Улыбаясь в ответ симпатичной хозяйке, Кордовин легко
объяснил, что они с сестрой заблудились вчера в этом чертовом тумане, забрели
на край света, забуксовали в грязи, всю ночь провели на обочине и сестренка
совсем измучилась. Нельзя ли тут у вас, сеньора, устроить небольшой привал, ну,
и позавтракать, конечно, а то совсем нет сил ехать дальше. И есть ли где в
окрестностях почта?
О, сеньор обижает наш город! Сепульведа — известный
туристический центр, на полторы тысячи жителей тридцать пять ресторанов! И
почта, конечно же, и магазины, и всяко-разно… Я и смотрю, что девушка на ногах
не стоит. Да ни к чему мне ваш паспорт, сеньор. Я людей вижу насквозь. То, что
девушка — ваша сестра, с порога видать. Заплатите и отдыхайте на здоровье. Вот
ключ, комната наверху, по коридору направо, там на двери фигурка быка, сами
увидите. Приводите себя в порядок и спускайтесь завтракать, а я вам приготовлю
тосты. С паштетом, а?
— Да-да, с паштетом.
За стойкой бара поднималась лестница на второй этаж.
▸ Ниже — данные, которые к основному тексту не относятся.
(* Let $X$ be a nonnegative integer-valued random variable whose PGF $X(z)$ has radius of convergence $r>1$, mean $\mu=X'(1)>0$, such that $|X(z)|<X(r_1)$ whenever $|z|=r_1$, $z\ne r_1$, $r_1\in(0,r)$. For positive integers $n,s$ let $A(z)=X(z)^n$, with $n\mu<s$ and degree of $X(z)$ larger than $s/n$; write $n\mu/s=1-\gamma/\sqrt s$ (so $\gamma=(s-n\mu)/\sqrt{s}>0$). Let $z_1,\dots,z_{s-1}$ be the zeros of $z^s-A(z)$ in $|z|<1$ and $Z_0$ the zero of minimal modulus in $1<|z|<r$. For $Z\in\mathbb{C}$, $|Z|\ge1$, let $$P(Z)=\prod_{j=1}^{s-1}(1-z_j/Z)=\exp\Big(\sum_{j=1}^{s-1}\ln(1-z_j/Z)\Big)$$ (principal logarithm), and for $\varepsilon>0$ with $1<1+\varepsilon<Z_0$ let $$I(Z)=\frac{1}{2\pi i}\int_{|z|=1+\varepsilon}\frac{\ln(1-z^{-s}A(z))}{Z-z}\,dz.$$ Then, for $|Z|\ge1$, $$\ln P(Z)=\begin{cases}-\ln(1-Z^{-1})+I(Z), & 1+\varepsilon<|Z|<r,\\ -\ln(1-Z^{-1})+\ln(1-Z^{-s}A(Z))+I(Z), & 1<|Z|<1+\varepsilon,\\ \ln(\gamma\sqrt s)+I(1), & Z=1.\end{cases}$$
   Context: Under the assumptions, $z^s-A(z)$ has exactly the zeros $z_0=1,z_1,\dots,z_{s-1}$ in $|z|\le1$ (with $z_1,\dots,z_{s-1}$ in $|z|<1$), and $Z_0>1$ is real. *)

theory Defs
  imports "HOL-Probability.Probability_Mass_Function" "HOL-Complex_Analysis.Complex_Analysis"
begin

definition pgf :: "nat pmf \<Rightarrow> complex \<Rightarrow> complex" where
  "pgf X z = (\<Sum>k. complex_of_real (pmf X k) * z ^ k)"

end

theory Submission
  imports Defs
begin

text \<open>The zeros of the kernel \<open>z^s - A(z)\<close> in the disc \<open>|z| < |Z\<^sub>0|\<close> are \<open>1\<close> and the \<open>z\<^sub>j\<close>,
  so dividing the kernel by \<open>(z - 1) \<Prod>\<^sub>j (z - z\<^sub>j)\<close> leaves a zero-free holomorphic function with
  a holomorphic logarithm \<open>M\<close> on that disc. On the annulus \<open>1 < |z| < |Z\<^sub>0|\<close> this splits
  \<open>ln (1 - z\<^sup>-\<^sup>s A(z))\<close> into \<open>ln ((1 - 1/z) \<Prod>\<^sub>j (1 - z\<^sub>j/z))\<close>, a holomorphic function of \<open>1/z\<close>
  vanishing at infinity, plus \<open>M(z)\<close>, after absorbing a constant multiple of \<open>2\<pi>i\<close> into \<open>M\<close>.
  In the Cauchy integral over \<open>|z| = 1 + \<epsilon>\<close> the first part contributes its value at \<open>Z\<close> for
  \<open>Z\<close> outside the circle and nothing inside, and \<open>M\<close> contributes \<open>-M(Z)\<close> inside and nothing outside.
  At \<open>Z = 1\<close>, \<open>exp (M(1) + ln P(1))\<close> is the derivative \<open>s - n\<mu> = \<gamma>\<surd>s\<close> of the kernel at \<open>1\<close>,
  and \<open>M(1) + ln P(1)\<close> is real, being a limit of real values along \<open>(1, 1 + \<epsilon>)\<close>.\<close>

lemma one_minus_notin_nonpos_Reals:
  fixes a :: complex
  assumes "norm a < 1"
  shows "1 - a \<notin> \<real>\<^sub>\<le>\<^sub>0"
  using assms complex_Re_le_cmod[of a] by (auto simp: complex_nonpos_Reals_iff)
Комната, которую они сняли, оказалась деревенской, с
роскошной шалью, распятой на стене — крупные палевые и багряные розы по черному
фону. И подушки на кровати лежали вразброс — пышные, вышитые, зазывные, —
под стать размашистому распятью, с которого Иисус, раскинув руки, призывал
постояльцев к себе в объятия. Со стен смотрел все тот же юноша — не иначе
сын, — в бесконечном, как бы летящем со всех сторон, победном приветствии…
После завтрака он выспрашивал у хозяйки дорогу к почтовому
отделению, а Мануэла поднялась в комнату; и когда он зашел взять куртку,
девушка уже крепко спала цветущим сном, пылая щеками, чуть хмуря соболиные
брови и даже слегка посапывая…
Он вышел и медленно, продлевая удовольствие, пошел вверх по
улице, мимо плывущих в разбавленном молоке, объятых багряным плющом старых
домов из рыжего туфа; мимо старика, что с утра в этом беспросветном холодном
тумане уже торговал керамическими колокольчиками, разложенными на газете; мимо
водяной колонки с надколотой каменной чашей, в которую тонкой струйкой сочилась
из желобка изумрудная вода; мимо трех пестрых, играющих в низкой подворотне
котят; мимо знаменитого местного ресторана «У Алонсо», основанного, судя по
вывеске, аж в 1869 году.
На огромной фотографии в витрине маэстро Алонсо стоял, весь
увешанный медалями, над шестеркой целиком зажаренных, политых каким-то
оранжевым соусом поросят. Руки его были приподняты в неком магическом жесте,
словно он благословлял своих аппетитных подопечных и посылал их в мир — творить
наслаждение и чревоугодие. И казалось, сейчас взмахнет кнутом, и эта
ухмыляющаяся шестерка залётных понесет его вдаль, к новым наградам…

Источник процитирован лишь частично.